Marie Didinger, Eagles fan supreme
RAY DIDINGER called his mother last Friday at her home in Sarasota, Fla., and all she could talk about was how excited she was that she would be able to see her beloved Eagles playing the Tampa Bay Buccaneers Sunday.

RAY DIDINGER called his mother last Friday at her home in Sarasota, Fla., and all she could talk about was how excited she was that she would be able to see her beloved Eagles playing the Tampa Bay Buccaneers Sunday.
Since she moved to Florida, she rarely was able to see the Eagles play after a near-lifetime of following the team with the passion and knowledge of the true fan.
But Sunday's game would be televised.
"She asked me if McNabb was going to play, if Westbrook was going to play," Ray said. "Was it true they had brought back Trotter?
"She said, 'I'm really looking forward to Sunday. The Eagles will win easily.' "
But Marie Helen Didinger didn't get to see the game. She died Sunday of lung cancer. She was 84.
Marie grew up in Southwest Philadelphia and she and her late husband, Raymond George Didinger, lived in Wallingford, Delaware County, before moving to Florida in 1988.
"She could talk football strategy, X's and O's, with any man," said her son, a former sports writer for the Bulletin and Daily News, a former senior producer for NFL Films and is a Comcast SportsNet analyst.
While other people were sunning themselves on the South Jersey beaches, the Didingers were at the Eagles training camp in Hershey, watching two-a-days.
Ray said that he learned letters and numbers on his mother's lap as she paged through the program of the previous Eagles game.
"She would point out the names and numbers of the players," Ray said. "For instance, she would point to Number 15. That was Steve Van Buren. I would learn the number and how to spell the name. I was the only 4-year-old who could spell Alex Wojciechowicz's name.
"She was very opinionated. If she didn't like the way the team was performing, she would let you know about it."
Marie and her husband had season tickets from the time they were married in 1945 and never missed a game.
"People would assume that I got my love of sports from my father," Ray said, "but my mother was just as much an influence. She was every bit the sports fan that Dad was."
His father, a manufacturing executive and Air Force veteran, died in January.
Ray said that people assumed that since his father was a serious-looking Air Force major, coming and going in his beribboned uniform, that he was the disciplinarian in the household.
Wrong.
"Dad was a soft touch," Ray said. "Mom was the disciplinarian. She made the rules. Mom gave the orders."
Not long ago, Ray was going through his old report cards from Our Lady of Peace Parochial School, in Milmont Park, and was amused to see which of his parents signed the cards.
"Anytime my grades were less than ideal, I'd get my father to sign," Ray said. "If the grades were good, I'd get Mom to sign."
Marie was no dummy, and more than likely saw through the ploy, but she didn't let on. If she didn't see a report card for a while, she might ask, "Isn't it about time for you to get a report card?" But that was it.

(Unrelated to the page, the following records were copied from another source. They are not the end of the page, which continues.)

lemma convex_comb_attains_min:
  fixes u f :: "'a \<Rightarrow> real"
  assumes "finite F" "\<forall>x\<in>F. 0 \<le> u x" "(\<Sum>x\<in>F. u x) = 1" "\<forall>x\<in>F. m \<le> f x"
    and "(\<Sum>x\<in>F. u x * f x) = m" "x \<in> F" "0 < u x"
  shows "f x = m"
  using convex_comb_attains_max[OF assms(1-3), of "\<lambda>x. - f x" "- m" x] assms(4-7)
  by (simp add: sum_negf)

section \<open>The cube MDP\<close>

definition node :: "nat \<Rightarrow> nat \<Rightarrow> nat" where
  "node i k = prod_encode (i, k)"

definition node_idx :: "nat \<Rightarrow> nat" where
  "node_idx s = fst (prod_decode s)"

definition node_stage :: "nat \<Rightarrow> nat" where
  "node_stage s = snd (prod_decode s)"

lemma node_idx_node [simp]: "node_idx (node i k) = i"
  and node_stage_node [simp]: "node_stage (node i k) = k"
  and node_idx_stage [simp]: "node (node_idx s) (node_stage s) = s"
  by (simp_all add: node_def node_idx_def node_stage_def)

lemma node_eq_iff [simp]: "node i k = node j l \<longleftrightarrow> i = j \<and> k = l"
  by (metis node_idx_node node_stage_node)

definition nodes :: "nat \<Rightarrow> nat set" where
  "nodes n = {s. node_idx s < n \<and> node_stage s < 5}"

lemma node_in_nodes [simp]: "node i k \<in> nodes n \<longleftrightarrow> i < n \<and> k < 5"
  by (simp add: nodes_def)

lemma nodes_eq_image: "nodes n = (\<lambda>(i, k). node i k) ` ({..<n} \<times> {..<5})"
proof (intro equalityI subsetI)
  fix s assume "s \<in> nodes n"
  then show "s \<in> (\<lambda>(i, k). node i k) ` ({..<n} \<times> {..<5})"
    by (intro image_eqI[of _ _ "(node_idx s, node_stage s)"]) (auto simp: nodes_def)
qed auto

lemma finite_nodes [simp]: "finite (nodes n)"
  by (simp add: nodes_eq_image)

lemma sum_nodes: "(\<Sum>s\<in>nodes n. f s) = (\<Sum>i<n. \<Sum>k<5. f (node i k))"
proof -
  have "inj_on (\<lambda>(i, k). node i k) ({..<n} \<times> {..<5})"
    by (auto simp: inj_on_def)
  then show ?thesis
    by (simp add: nodes_eq_image sum.reindex sum.cartesian_product split_def)
qed

definition code :: "nat set \<Rightarrow> nat" where
  "code S = Suc (set_encode S)"

definition decode :: "nat \<Rightarrow> nat set" where
  "decode z = set_decode (z - 1)"

definition codes :: "nat \<Rightarrow> nat set" where
  "codes n = code ` Pow {..<n}"

lemma code_neq_0 [simp]: "code S \<noteq> 0"
  by (simp add: code_def)

lemma decode_code [simp]: "finite S \<Longrightarrow> decode (code S) = S"
  by (simp add: code_def decode_def)

lemma inj_on_code: "inj_on code (Pow {..<n})"
  by (auto simp: inj_on_def code_def finite_subset set_encode_eq)

lemma zero_notin_codes [simp]: "0 \<notin> codes n"
  by (auto simp: codes_def)

lemma finite_codes [simp]: "finite (codes n)"
  by (simp add: codes_def)

lemma code_in_codes [simp]: "S \<subseteq> {..<n} \<Longrightarrow> code S \<in> codes n"
  by (simp add: codes_def)

definition cube_trans :: "nat \<Rightarrow> nat \<Rightarrow> nat \<Rightarrow> (nat \<Rightarrow> real) option" where
  "cube_trans n s a =
     (if s \<notin> nodes n \<or> a \<notin> {0, 1} then None
      else if node_stage s = 0 then
        Some (\<lambda>t. if t = node (node_idx s) (1 + 2 * a) \<or> t = node (node_idx s) (2 + 2 * a)
                   then 1/2 else 0)
      else if a = 0 then Some (\<lambda>t. if t = s then 1 else 0)
      else None)"

definition cube_obs :: "nat \<Rightarrow> nat \<Rightarrow> nat \<Rightarrow> real" where
  "cube_obs n s z =
     (if node_stage s = 0 then (if z = 0 then 1 else 0)
      else if z = 0 then 1/2
      else if z \<in> codes n \<and> (node_idx s \<in> decode z \<longleftrightarrow> node_stage s \<in> {1, 4}) then 1 / 2 ^ n
      else 0)"

definition cube_init :: "nat \<Rightarrow> nat \<Rightarrow> real" where
  "cube_init n s = (if s \<in> nodes n \<and> node_stage s = 0 then 1 / n else 0)"

definition cube_mdp :: "nat \<Rightarrow> mdp" where
  "cube_mdp n = \<lparr>St = nodes n, init = cube_init n, Act = {0, 1}, P = cube_trans n,
                 Obs = insert 0 (codes n), obs = cube_obs n\<rparr>"

lemma cube_mdp_simps [simp]:
  "St (cube_mdp n) = nodes n" "init (cube_mdp n) = cube_init n" "Act (cube_mdp n) = {0, 1}"
  "P (cube_mdp n) = cube_trans n" "Obs (cube_mdp n) = insert 0 (codes n)"
  "obs (cube_mdp n) = cube_obs n"
  by (simp_all add: cube_mdp_def)

lemma Ptr_cube_start:
  "Ptr (cube_mdp n) (node i 0) \<alpha> t =
     (if i < n \<and> \<alpha> \<in> {0, 1} \<and> (t = node i (1 + 2 * \<alpha>) \<or> t = node i (2 + 2 * \<alpha>)) then 1/2 else 0)"
  unfolding Ptr_def cube_mdp_simps cube_trans_def by simp

lemma Ptr_cube_absorbing:
  "s \<in> nodes n \<Longrightarrow> node_stage s \<noteq> 0 \<Longrightarrow>
     Ptr (cube_mdp n) s \<alpha> t = (if \<alpha> = 0 \<and> t = s then 1 else 0)"
  unfolding Ptr_def cube_mdp_simps cube_trans_def by simp

lemma AvAct_cube_mdp:
  assumes "s \<in> nodes n"
  shows "AvAct (cube_mdp n) s = (if node_stage s = 0 then {0, 1} else {0})"
proof -
  have "cube_trans n s a \<noteq> None \<longleftrightarrow> a \<in> {0, 1} \<and> (node_stage s = 0 \<or> a = 0)" for a
    using assms unfolding cube_trans_def by simp
  then show ?thesis unfolding AvAct_def by auto
qed

lemma cube_obs_distr:
  assumes "n \<ge> 1" "s \<in> nodes n"
  shows "is_distr (insert 0 (codes n)) (cube_obs n s)"
proof (cases "node_stage s = 0")
  case True
  then show ?thesis by (simp add: is_distr_def cube_obs_def)
next
  case False
  let ?g = "node_stage s \<in> {1, 4}"
  have i: "node_idx s \<in> {..<n}" using assms(2) by (simp add: nodes_def)
  have "(\<Sum>z\<in>codes n. cube_obs n s z) = (\<Sum>S\<in>Pow {..<n}. cube_obs n s (code S))"
    by (simp add: codes_def sum.reindex[OF inj_on_code])
  also have "\<dots> = (\<Sum>S\<in>{S \<in> Pow {..<n}. node_idx s \<in> S \<longleftrightarrow> ?g}. 1 / 2 ^ n)"
    using False by (subst sum.inter_filter) (auto simp: cube_obs_def finite_subset intro!: sum.cong)
  also have "\<dots> = 2 ^ (n - 1) / 2 ^ n"
    using card_Pow_mem[OF _ i, of ?g] by simp
  also have "\<dots> = 1/2"
    using assms(1) by (cases n) (auto simp: field_simps)
  finally show ?thesis
    using False by (auto simp: is_distr_def cube_obs_def)
qed

lemma cube_trans_SomeD:
  "cube_trans n s a = Some d \<Longrightarrow> s \<in> nodes n \<and> a \<in> {0, 1}"
  by (rule ccontr) (simp add: cube_trans_def)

While other parents might have considered the collection of baseball cards a waste of time, Marie Didinger was an active participant in her son's collection.
"She helped me organize them by team, wrap rubber bands around them and put them in a cigar box for me," Ray said.
When Ray was playing baseball and football for the Folsom Boys Club, Mom insisted on repairing and washing and ironing his uniform, even if Ray objected.
"I didn't want it fixed," he said. "I liked it torn. I thought it looked mean. But it hardly hit the floor when she was working on it."
Marie was born in Philadelphia to William Curran and the former Mary Faulkner. She graduated from West Catholic High School.
She and her future husband lived just blocks from each other in Southwest Philadelphia and traveled in the same circles. They started dating before he went into the Army Air Corps in World War II, and were married after the war.
He continued to fly after the war as a member of the Air Force Reserves.
Ray said his dad was a passionate fisherman who pursued his hobby in the waters off Florida; his mother did not participate.
"Dad would catch the fish, and Mom would cook them," Ray said.
Before moving to Florida, Marie volunteered in the cafeteria of Our Lady of Peace School, and at Taylor Hospital, in Ridley Park.
Besides her son, she is survived by a brother, William Curran; two grandchildren, David and Kathleen; and two great-grandchildren, Haley and Kaitlyn.
Services: Funeral Mass Friday morning at the Church of the Incarnation, in Sarasota. Friends may call at 6 p.m. Thursday at the Toale Brothers Funeral Home, in Sarasota. Burial will be in the military cemetery there, where her husband is buried.
In lieu of flowers donations may be made to the church, at 2929 Bee Ridge Road, Sarasota, FL 34239.